Stored data
- - -

definition pcell_wf :: "('a::field, 'g::linordered_ab_group_add) zfield \<Rightarrow> nat \<Rightarrow>
   'a fm \<Rightarrow> 'a fm \<Rightarrow> 'a fm \<Rightarrow> ('a list \<times> 'a) list \<Rightarrow> ('a list \<times> 'a) list \<Rightarrow> 'a list \<times> 'a \<Rightarrow> bool" where
  "pcell_wf F k fnm fK fD lows ups c \<longleftrightarrow> fwf (Ppi F) fnm \<and> fwf (Ppi F) fK \<and> fwf (Ppi F) fD \<and>
     (\<forall>a\<in>set lows. linpoly F k a) \<and> (\<forall>a\<in>set ups. linpoly F k a) \<and> linpoly F k c"

lemma mem_pcell: "(ls, xs, t) \<in> pcell F n m r k fnm fK fD lows ups c \<longleftrightarrow>
     length ls = r \<and> length xs = k \<and> set ls \<subseteq> Lam F n m \<and>
     sat F (envL n m ls) (envK []) fnm \<and> sat F (envL n m []) (envK xs) fK \<and>
     (\<forall>a\<in>set lows. vlt F (peval a xs) (t - peval c xs)) \<and>
     (\<forall>a\<in>set ups. vlt F (t - peval c xs) (peval a xs)) \<and>
     sat F (envL n m (ls @ [rho F n m (t - peval c xs)])) (envK xs) fD"
  by (simp add: pcell_def)

lemma rho_Lam[simp]: "rho F n m x \<in> Lam F n m" by (simp add: Lam_def)

lemma pcell_is_cell:
  assumes "pcell_wf F k fnm fK fD lows ups c" "length lows \<le> 1" "length ups \<le> 1"
  shows "is_cell F n m r k (pcell F n m r k fnm fK fD lows ups c)"
proof -
  define Dnm where "Dnm = {(ls, xs). length ls = r \<and> length xs = 0 \<and> set ls \<subseteq> Lam F n m \<and>
                     sat F (envL n m ls) (envK xs) fnm}"
  define DK where "DK = {(ls :: 'a set list, xs). length ls = 0 \<and> length xs = k \<and> set ls \<subseteq> Lam F n m \<and>
                     sat F (envL n m ls) (envK xs) fK}"
  define D where "D = {(ls, xs). length ls = Suc r \<and> length xs = k \<and> set ls \<subseteq> Lam F n m \<and>
                     sat F (envL n m ls) (envK xs) fD}"
  define a1 where "a1 = (case lows of [] \<Rightarrow> c | a # _ \<Rightarrow> a)"
  define a2 where "a2 = (case ups of [] \<Rightarrow> c | a # _ \<Rightarrow> a)"
  have l1: "set lows = (if lows = [] then {} else {a1})" using assms(2) unfolding a1_def
    by (cases lows) auto
  have l2: "set ups = (if ups = [] then {} else {a2})" using assms(3) unfolding a2_def
    by (cases ups) auto
  have lp: "linpoly F k a1" "linpoly F k a2" using assms(1) unfolding pcell_wf_def a1_def a2_def
    by (auto split: list.splits)
  show ?thesis unfolding is_cell_def
  proof (intro exI conjI)
    show "definable F n m r 0 Dnm" "definable F n m 0 k DK" "definable F n m (Suc r) k D"
      unfolding definable_def Dnm_def DK_def D_def using assms(1) pcell_wf_def by blast+
    show "pcell F n m r k fnm fK fD lows ups c =
      {(ls, xs, t). (ls, []) \<in> Dnm \<and> ([], xs) \<in> DK \<and>
         box F (lows \<noteq> []) (peval a1 xs) (t - peval c xs) \<and>
         box F (ups \<noteq> []) (t - peval c xs) (peval a2 xs) \<and>
         (ls @ [rho F n m (t - peval c xs)], xs) \<in> D}"
      unfolding pcell_def Dnm_def DK_def D_def box_def
      by (subst l1, subst l2) (auto simp: envK_def)
  qed (use lp assms(1) in \<open>auto simp: pcell_wf_def\<close>)
qed
(* Let $h\ge1$ be an integer, and assume there is a positive integer $v$ with $2^hk\mid p^v+1$. Let $v'$ be the smallest positive integer with $k\mid p^{v'}+1$; then $m=2v'w'$ for some positive integer $w'$. The following hold. (a) If $p\equiv1\pmod4$, then $(1+X+\cdots+X^{k-1})^{2^h}$ divides $S(X)$ in $\mathbb{F}_2[X]$ if and only if $w'$ is even. (b) If $p\equiv3\pmod4$, then $(1+X+\cdots+X^{k-1})^{2^h}$ divides $S(X)$ in $\mathbb{F}_2[X]$ if and only if $w'$ is even or $v'w'$ is odd.
   Context: Let $p$ be an odd prime, $m\ge1$, $q=p^m$, $\alpha$ a primitive element of $\mathbb{F}_q$, and $T=q-1$. The binary SLCE sequence $(s_n)_{n\ge0}$ is defined as follows: $s_n=1$ if $\alpha^n+1$ is a nonzero non-square of $\mathbb{F}_q$ (i.e. $\alpha^n+1\in\alpha\langle\alpha^2\rangle$), and $s_n=0$ otherwise. Put $S(X)=\sum_{n=0}^{T-1}s_nX^n\in\mathbb{F}_2[X]$. Let $k>1$ be an odd divisor of $T$. *)

theory Defs
  imports "HOL-Computational_Algebra.Polynomial" "HOL-Library.Z2"
    "HOL-Computational_Algebra.Primes"
begin

definition primitive_element :: "'a::{field,finite} \<Rightarrow> bool" where
  "primitive_element \<alpha> \<longleftrightarrow> (\<forall>x. x \<noteq> 0 \<longrightarrow> (\<exists>n::nat. \<alpha> ^ n = x))"

definition nonzero_nonsquare :: "'a::field \<Rightarrow> bool" where
  "nonzero_nonsquare x \<longleftrightarrow> x \<noteq> 0 \<and> \<not> (\<exists>y. y ^ 2 = x)"

definition slce :: "'a::{field,finite} \<Rightarrow> nat \<Rightarrow> bit" where
  "slce \<alpha> n = (if nonzero_nonsquare (\<alpha> ^ n + 1) then 1 else 0)"

definition slce_poly :: "'a::{field,finite} \<Rightarrow> bit poly" where
  "slce_poly \<alpha> = (\<Sum>n < card (UNIV :: 'a set) - 1. monom (slce \<alpha> n) n)"

definition geom_poly :: "nat \<Rightarrow> bit poly" where
  "geom_poly k = (\<Sum>i < k. monom 1 i)"

end

theory Submission
  imports Defs "HOL-Number_Theory.Cong"
begin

- - -

Without changing a word, print all of the entries above.

Solution to this task
definition pcell_wf :: "('a::field, 'g::linordered_ab_group_add) zfield \<Rightarrow> nat \<Rightarrow>
   'a fm \<Rightarrow> 'a fm \<Rightarrow> 'a fm \<Rightarrow> ('a list \<times> 'a) list \<Rightarrow> ('a list \<times> 'a) list \<Rightarrow> 'a list \<times> 'a \<Rightarrow> bool" where
  "pcell_wf F k fnm fK fD lows ups c \<longleftrightarrow> fwf (Ppi F) fnm \<and> fwf (Ppi F) fK \<and> fwf (Ppi F) fD \<and>
     (\<forall>a\<in>set lows. linpoly F k a) \<and> (\<forall>a\<in>set ups. linpoly F k a) \<and> linpoly F k c"

lemma mem_pcell: "(ls, xs, t) \<in> pcell F n m r k fnm fK fD lows ups c \<longleftrightarrow>
     length ls = r \<and> length xs = k \<and> set ls \<subseteq> Lam F n m \<and>
     sat F (envL n m ls) (envK []) fnm \<and> sat F (envL n m []) (envK xs) fK \<and>
     (\<forall>a\<in>set lows. vlt F (peval a xs) (t - peval c xs)) \<and>
     (\<forall>a\<in>set ups. vlt F (t - peval c xs) (peval a xs)) \<and>
     sat F (envL n m (ls @ [rho F n m (t - peval c xs)])) (envK xs) fD"
  by (simp add: pcell_def)

lemma rho_Lam[simp]: "rho F n m x \<in> Lam F n m" by (simp add: Lam_def)

lemma pcell_is_cell:
  assumes "pcell_wf F k fnm fK fD lows ups c" "length lows \<le> 1" "length ups \<le> 1"
  shows "is_cell F n m r k (pcell F n m r k fnm fK fD lows ups c)"
proof -
  define Dnm where "Dnm = {(ls, xs). length ls = r \<and> length xs = 0 \<and> set ls \<subseteq> Lam F n m \<and>
                     sat F (envL n m ls) (envK xs) fnm}"
  define DK where "DK = {(ls :: 'a set list, xs). length ls = 0 \<and> length xs = k \<and> set ls \<subseteq> Lam F n m \<and>
                     sat F (envL n m ls) (envK xs) fK}"
  define D where "D = {(ls, xs). length ls = Suc r \<and> length xs = k \<and> set ls \<subseteq> Lam F n m \<and>
                     sat F (envL n m ls) (envK xs) fD}"
  define a1 where "a1 = (case lows of [] \<Rightarrow> c | a # _ \<Rightarrow> a)"
  define a2 where "a2 = (case ups of [] \<Rightarrow> c | a # _ \<Rightarrow> a)"
  have l1: "set lows = (if lows = [] then {} else {a1})" using assms(2) unfolding a1_def
    by (cases lows) auto
  have l2: "set ups = (if ups = [] then {} else {a2})" using assms(3) unfolding a2_def
    by (cases ups) auto
  have lp: "linpoly F k a1" "linpoly F k a2" using assms(1) unfolding pcell_wf_def a1_def a2_def
    by (auto split: list.splits)
  show ?thesis unfolding is_cell_def
  proof (intro exI conjI)
    show "definable F n m r 0 Dnm" "definable F n m 0 k DK" "definable F n m (Suc r) k D"
      unfolding definable_def Dnm_def DK_def D_def using assms(1) pcell_wf_def by blast+
    show "pcell F n m r k fnm fK fD lows ups c =
      {(ls, xs, t). (ls, []) \<in> Dnm \<and> ([], xs) \<in> DK \<and>
         box F (lows \<noteq> []) (peval a1 xs) (t - peval c xs) \<and>
         box F (ups \<noteq> []) (t - peval c xs) (peval a2 xs) \<and>
         (ls @ [rho F n m (t - peval c xs)], xs) \<in> D}"
      unfolding pcell_def Dnm_def DK_def D_def box_def
      by (subst l1, subst l2) (auto simp: envK_def)
  qed (use lp assms(1) in \<open>auto simp: pcell_wf_def\<close>)
qed
(* Let $h\ge1$ be an integer, and assume there is a positive integer $v$ with $2^hk\mid p^v+1$. Let $v'$ be the smallest positive integer with $k\mid p^{v'}+1$; then $m=2v'w'$ for some positive integer $w'$. The following hold. (a) If $p\equiv1\pmod4$, then $(1+X+\cdots+X^{k-1})^{2^h}$ divides $S(X)$ in $\mathbb{F}_2[X]$ if and only if $w'$ is even. (b) If $p\equiv3\pmod4$, then $(1+X+\cdots+X^{k-1})^{2^h}$ divides $S(X)$ in $\mathbb{F}_2[X]$ if and only if $w'$ is even or $v'w'$ is odd.
   Context: Let $p$ be an odd prime, $m\ge1$, $q=p^m$, $\alpha$ a primitive element of $\mathbb{F}_q$, and $T=q-1$. The binary SLCE sequence $(s_n)_{n\ge0}$ is defined as follows: $s_n=1$ if $\alpha^n+1$ is a nonzero non-square of $\mathbb{F}_q$ (i.e. $\alpha^n+1\in\alpha\langle\alpha^2\rangle$), and $s_n=0$ otherwise. Put $S(X)=\sum_{n=0}^{T-1}s_nX^n\in\mathbb{F}_2[X]$. Let $k>1$ be an odd divisor of $T$. *)

theory Defs
  imports "HOL-Computational_Algebra.Polynomial" "HOL-Library.Z2"
    "HOL-Computational_Algebra.Primes"
begin

definition primitive_element :: "'a::{field,finite} \<Rightarrow> bool" where
  "primitive_element \<alpha> \<longleftrightarrow> (\<forall>x. x \<noteq> 0 \<longrightarrow> (\<exists>n::nat. \<alpha> ^ n = x))"

definition nonzero_nonsquare :: "'a::field \<Rightarrow> bool" where
  "nonzero_nonsquare x \<longleftrightarrow> x \<noteq> 0 \<and> \<not> (\<exists>y. y ^ 2 = x)"

definition slce :: "'a::{field,finite} \<Rightarrow> nat \<Rightarrow> bit" where
  "slce \<alpha> n = (if nonzero_nonsquare (\<alpha> ^ n + 1) then 1 else 0)"

definition slce_poly :: "'a::{field,finite} \<Rightarrow> bit poly" where
  "slce_poly \<alpha> = (\<Sum>n < card (UNIV :: 'a set) - 1. monom (slce \<alpha> n) n)"

definition geom_poly :: "nat \<Rightarrow> bit poly" where
  "geom_poly k = (\<Sum>i < k. monom 1 i)"

end

theory Submission
  imports Defs "HOL-Number_Theory.Cong"
begin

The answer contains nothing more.